Госпожа Миклашевичева оказалась права — в роте пошло настоящее поветрие браков. К ним располагало более всего, что женатым разрешалось проживание на наемной квартире и они обязывались являться в часть только к наряду. Хотя было обещано дать всем женатым квартиры в дворцовых зданиях, но пока получили только трое, а остальные снимали в городе или поселялись в «приданных» домах своих супруг. За двадцать лет солдатчины людям так осточертело вскакивать по сигналу и целый, день вертеться под крик и ругань унтеров, приказывающих становиться на молитву, садиться за еду, идти на учение, в караул и отходить ко сну, что возможность на законном основании зажить своим домком, поспать в тишине, походить по комнате, а то и по дворику распояской аль в одном исподнем казалась земным раем.
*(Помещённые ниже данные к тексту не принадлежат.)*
definition poly2 :: "(nat \<Rightarrow> nat \<Rightarrow> complex) \<Rightarrow> nat \<Rightarrow> complex \<times> complex \<Rightarrow> complex" where
  "poly2 c N z = (\<Sum>i\<le>N. \<Sum>j\<le>N. c i j * fst z ^ i * snd z ^ j)"

definition bidisk :: "(complex \<times> complex) set" where
  "bidisk = {z. cmod (fst z) < 1 \<and> cmod (snd z) < 1}"

definition torus2 :: "(complex \<times> complex) set" where
  "torus2 = {z. cmod (fst z) = 1 \<and> cmod (snd z) = 1}"

definition maxnorm :: "complex \<times> complex \<Rightarrow> real" where
  "maxnorm z = max (cmod (fst z)) (cmod (snd z))"

text \<open>Holomorphic on an open set of C^2: continuous and holomorphic in each variable
  separately (equivalent to joint holomorphy by Osgood/Hartogs).\<close>
definition holomorphic2_on :: "(complex \<times> complex \<Rightarrow> complex) \<Rightarrow> (complex \<times> complex) set \<Rightarrow> bool" where
  "holomorphic2_on f S \<longleftrightarrow> continuous_on S f \<and>
     (\<forall>z\<in>S. (\<lambda>w. f (w, snd z)) holomorphic_on {w. (w, snd z) \<in> S}
          \<and> (\<lambda>w. f (fst z, w)) holomorphic_on {w. (fst z, w) \<in> S})"

definition rational_inner :: "(complex \<times> complex \<Rightarrow> complex) \<Rightarrow> bool" where
  "rational_inner \<phi> \<longleftrightarrow>
     (\<exists>p q N. (\<exists>i\<le>N. \<exists>j\<le>N. p i j \<noteq> 0) \<and>
        (\<forall>z\<in>bidisk. poly2 p N z \<noteq> 0 \<longrightarrow> \<phi> z = poly2 q N z / poly2 p N z) \<and>
        holomorphic2_on \<phi> bidisk \<and>
        (AE x in lborel. x \<in> {0..2*pi} \<times> {0..2*pi} \<longrightarrow>
           (let \<zeta> = (cis (fst x), cis (snd x)) in
              poly2 p N \<zeta> \<noteq> 0 \<and> cmod (poly2 q N \<zeta> / poly2 p N \<zeta>) = 1)))"

end

theory Submission
  imports Defs "HOL-Computational_Algebra.Polynomial"
begin

text \<open>Restrict \<open>\<phi> = q/p\<close> to the curve \<open>z \<mapsto> (z \<tau>\<^sub>1, z\<^bsup>N+1\<^esup> \<tau>\<^sub>2)\<close>: it maps the unit disc
  into the bidisk and the unit circle into the torus, passes through \<open>\<tau>\<close> at \<open>z = 1\<close>, and
  along it the max-norm is \<open>|z|\<close>. The restrictions \<open>Q, P\<close> of \<open>q, p\<close> are one-variable
  polynomials with \<open>|Q| = |P|\<close> on the unit circle (by continuity, from the a.e. condition).
  Comparing both sides near \<open>1\<close> shows that \<open>Q\<close> and \<open>P\<close> vanish to the same order at \<open>1\<close>; after
  cancelling that factor, \<open>Q/P\<close> is analytic at \<open>1\<close> with modulus \<open>1\<close> there, hence
  \<open>|1 - |Q(r)/P(r)|| = O(1 - r)\<close> as \<open>r \<up> 1\<close>, which is the B-point estimate along the radius.\<close>

lemma isCont_agree_on_unit_circle:
  fixes f g :: "complex \<Rightarrow> 'a::t2_space"
  assumes "isCont f w" "isCont g w" "cmod w = 1"
    and agree: "\<And>z. cmod z = 1 \<Longrightarrow> z \<noteq> w \<Longrightarrow> f z = g z"
  shows "f w = g w"
proof -
  have "w islimpt sphere 0 1"
  proof (rule connected_imp_perfect)
    show "sphere 0 1 \<noteq> {x}" for x :: complex
    proof
      assume "sphere 0 1 = {x}"
      moreover have "1 \<in> sphere (0::complex) 1" "-1 \<in> sphere (0::complex) 1" by auto
      ultimately show False by (metis equals0D insert_iff one_neq_neg_one)
    qed
  qed (use assms(3) in \<open>auto simp: connected_sphere\<close>)
  hence nontriv: "\<not> trivial_limit (at w within sphere 0 1)"
    by (simp add: trivial_limit_within)
  have "(f \<longlongrightarrow> f w) (at w within sphere 0 1)" "(g \<longlongrightarrow> g w) (at w within sphere 0 1)"
    using assms(1,2) by (auto simp: isCont_def intro: tendsto_within_subset)
  moreover have "eventually (\<lambda>z. f z = g z) (at w within sphere 0 1)"
    using agree by (auto simp: eventually_at_filter)
  ultimately show ?thesis
    using tendsto_unique[OF nontriv] tendsto_cong by metis
qed

lemma unit_circle_power_factor_at_1:
  fixes u v :: "complex \<Rightarrow> complex"
  assumes "isCont u 1" "isCont v 1" "v 1 \<noteq> 0"
    and "\<And>z. cmod z = 1 \<Longrightarrow> z \<noteq> 1 \<Longrightarrow> cmod (z - 1) ^ k * cmod (u z) = cmod (v z)"
  shows "k = 0 \<and> cmod (u 1) = cmod (v 1)"
proof -
  have "cmod (1 - 1) ^ k * cmod (u 1) = cmod (v 1)"
    by (rule isCont_agree_on_unit_circle) (simp_all add: assms)
  with assms(3) show ?thesis by (cases k) auto
qed

lemma poly_factor_at_1:
  fixes P :: "complex poly"
  assumes "P \<noteq> 0"
  obtains P' where "P = [:-1, 1:] ^ order 1 P * P'" "poly P' 1 \<noteq> 0"
  using order_decomp[OF assms, of 1] poly_eq_0_iff_dvd by metis

lemma same_order_at_1_if_eq_norm_on_unit_circle:
  fixes P Q :: "complex poly"
  assumes "P \<noteq> 0" and circ: "\<And>z. cmod z = 1 \<Longrightarrow> cmod (poly Q z) = cmod (poly P z)"
  obtains k P' Q' where "P = [:-1, 1:] ^ k * P'" "Q = [:-1, 1:] ^ k * Q'"
    "poly P' 1 \<noteq> 0" "cmod (poly Q' 1) = cmod (poly P' 1)"
proof -
  obtain P' where P': "P = [:-1, 1:] ^ order 1 P * P'" "poly P' 1 \<noteq> 0"
    using poly_factor_at_1[OF assms(1)] by blast
  have poly_P: "poly P z = (z - 1) ^ order 1 P * poly P' z" for z
    by (subst P'(1)) (simp add: poly_power)
  have "Q \<noteq> 0"
  proof
    assume "Q = 0"
    have "cmod (z - 1) ^ 0 * cmod 0 = cmod (poly P' z)" if "cmod z = 1" "z \<noteq> 1" for z
      using circ[OF that(1)] that(2) by (simp add: \<open>Q = 0\<close> poly_P norm_mult)
    with P'(2) show False
      using unit_circle_power_factor_at_1[of "\<lambda>_. 0" "poly P'"] by (auto intro: poly_isCont)
  qed
  then obtain Q' where Q': "Q = [:-1, 1:] ^ order 1 Q * Q'" "poly Q' 1 \<noteq> 0"
    using poly_factor_at_1 by blast
  have poly_Q: "poly Q z = (z - 1) ^ order 1 Q * poly Q' z" for z
    by (subst Q'(1)) (simp add: poly_power)
  have circ': "cmod (z - 1) ^ order 1 Q * cmod (poly Q' z) = cmod (z - 1) ^ order 1 P * cmod (poly P' z)"
    if "cmod z = 1" for z
    using circ[OF that] by (simp add: poly_P poly_Q norm_mult norm_power)
  have "order 1 Q = order 1 P \<and> cmod (poly Q' 1) = cmod (poly P' 1)"
  proof (cases "order 1 Q \<le> order 1 P")
    case True
    have "cmod (z - 1) ^ (order 1 P - order 1 Q) * cmod (poly P' z) = cmod (poly Q' z)"
      if "cmod z = 1" "z \<noteq> 1" for z
    proof -
      have "cmod (z - 1) ^ order 1 P = cmod (z - 1) ^ order 1 Q * cmod (z - 1) ^ (order 1 P - order 1 Q)"
        using True by (simp flip: power_add)
      with circ'[OF that(1)] that(2) show ?thesis by (simp add: mult.assoc)
    qed
    from unit_circle_power_factor_at_1[of "poly P'" "poly Q'", OF _ _ Q'(2) this] True
    show ?thesis by (auto intro: poly_isCont)
  next
    case False
    have "cmod (z - 1) ^ (order 1 Q - order 1 P) * cmod (poly Q' z) = cmod (poly P' z)"
      if "cmod z = 1" "z \<noteq> 1" for z
    proof -
      have "cmod (z - 1) ^ order 1 Q = cmod (z - 1) ^ order 1 P * cmod (z - 1) ^ (order 1 Q - order 1 P)"
        using False by (simp flip: power_add)
      with circ'[OF that(1)] that(2) show ?thesis by (simp add: mult.assoc)
    qed
    from unit_circle_power_factor_at_1[of "poly Q'" "poly P'", OF _ _ P'(2) this] False
    show ?thesis by (auto intro: poly_isCont)
  qed
  with P' Q' that show thesis by metis
qed
(* Let $f$ be a regular planar discrete curve and $\mathfrak{q}\ne 0$ a space form vector with $\mathfrak{q}\perp\mathfrak{p}$, determining the space form $\mathcal{Q}$. The following are equivalent: (i) $f$ has constant arc-length in $\mathcal{Q}$; (ii) $\mathfrak{f}_i\langle\mathfrak{f}_k,\mathfrak{f}_j\rangle-\mathfrak{f}_k\langle\mathfrak{f}_i,\mathfrak{f}_j\rangle\perp\mathfrak{q}$ for all consecutive vertices $i,j,k$; (iii) the quantity $\frac{\langle\mathfrak{f}_i,\mathfrak{f}_j\rangle}{\langle\mathfrak{f}_i,\mathfrak{q}\rangle\langle\mathfrak{f}_j,\mathfrak{q}\rangle}$ is the same constant $\chi\in\mathbb{R}$ for all edges $(ij)$; (iv) there exists a circle congruence $a\in\mathcal{P}^\pm$ with $\mathfrak{a}_j\in\mathrm{span}\{\mathfrak{f}_j,\mathfrak{q},\mathfrak{p}\}$ for all $j$.
   Context: Planar light cone model: $\mathbb{R}^{3,2}$ with form of signature $(3,2)$, light cone $\mathcal{L}$; fixed $\mathfrak{p}$ with $\langle\mathfrak{p},\mathfrak{p}\rangle=-1$; $v$ with $\langle\mathfrak{v},\mathfrak{p}\rangle=0$ are points of $\mathbb{R}^2\cup\{\infty\}$, others oriented circles/lines; incidence = orthogonality. A space form vector $\mathfrak{q}\perp\mathfrak{p}$ determines a space form $\mathcal{Q}$ of constant curvature $-\langle\mathfrak{q},\mathfrak{q}\rangle$ (Euclidean if $\langle\mathfrak{q},\mathfrak{q}\rangle=0$, hyperbolic if $>0$ with boundary given by $\mathfrak{q}\pm\sqrt{\langle\mathfrak{q},\mathfrak{q}\rangle}\mathfrak{p}$, spherical if $<0$); its isometries are compositions of M-inversions (inversions $x\mapsto x-\frac{2\langle x,\mathfrak{a}\rangle}{\langle\mathfrak{a},\mathfrak{a}\rangle}\mathfrak{a}$ with $\mathfrak{a}\perp\mathfrak{p}$) fixing $\mathfrak{q}$. A discrete curve $f$ (map from consecutive integers to points) has constant arc-length in $\mathcal{Q}$ if the $\mathcal{Q}$-distance between consecutive points is constant. It is regular if any three consecutive points are pairwise distinct, in the hyperbolic case all points lie on the same side of the boundary, and in the spherical case consecutive points are not antipodal. $\mathcal{P}^\pm_j:=\{\mathfrak{f}_{j-1},\mathfrak{f}_{j+1}\}^\perp\cap\mathcal{L}$ (circles through $f_{j-1},f_{j+1}$); a circle congruence $a\in\mathcal{P}^\pm$ chooses $a_j$ in this pencil at each vertex. *)

theory Defs
  imports "HOL-Analysis.Analysis"
begin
И невесты находились в изобилии — знай выбирай! За дворцовых гренадер охотно шли не только мещанки, но купеческие и чиновничьи дочки. Рота была на виду столицы. Ее рослыми молодцами любовались на улицах и в лавках, куда случалось зайти и где их нарочно задерживали, чтобы получше рассмотреть невиданную парадную форму. О них писала велеречивая «Северная пчела», восхваляя великодушие царя, успокоившего «своих отборных героев-гвардейцев на почетной службе близ своей священной особы». В статье рассказывалось, что знаменитому живописцу Дову государь заказал портреты в рост четырех самых заслуженных ветеранов, а с одного, по красоте сложения будто бы «не уступающего римскому гладиатору», назначено изготовить статую в парадной форме и амуниции. Изображения дворцовых гренадер появились на фарфоровых чашках и тарелках, их фигурки из дерева и папье-маше продавались в игрушечных лавках.
Гренадеры, которых изображал Дов, рассказывали, что все два часа, что подряд их пишет, молчит как каменный, хотя по-русски говорит вполне чисто. Только ежели затекла от неподвижности рука или опустил подбородок, то словно пролает: «Рука! Голова!..»
А Карп Варламов, наоборот, сказывал, что лепивший его в Академии художеств какой-то Федор Иванович более получаса в неподвижности не держит, а дает отдыху, когда подносит сбитня с пирогом, а при конце работы на сей день еще и стаканчик с закуской да полтинник. Притом говорит, будто в Париже его, Варламова, за телосложение художники озолотили бы, а гренадер на то отвечал, что когда находился в Париже с полком, то золота от парижан не видывал, а под арестом посидел за то, что у веселой девицы Клоды за свои деньги лишнее выпил.
Еще один художник, тоже по заказу царя, списывал в эту весну вид Военной галереи, в которой расставил фигурки Лаврентьева и пяти гренадеров. Живописец был еще молодой, всем проходившим низко кланялся, а работал быстро, и выходило схоже.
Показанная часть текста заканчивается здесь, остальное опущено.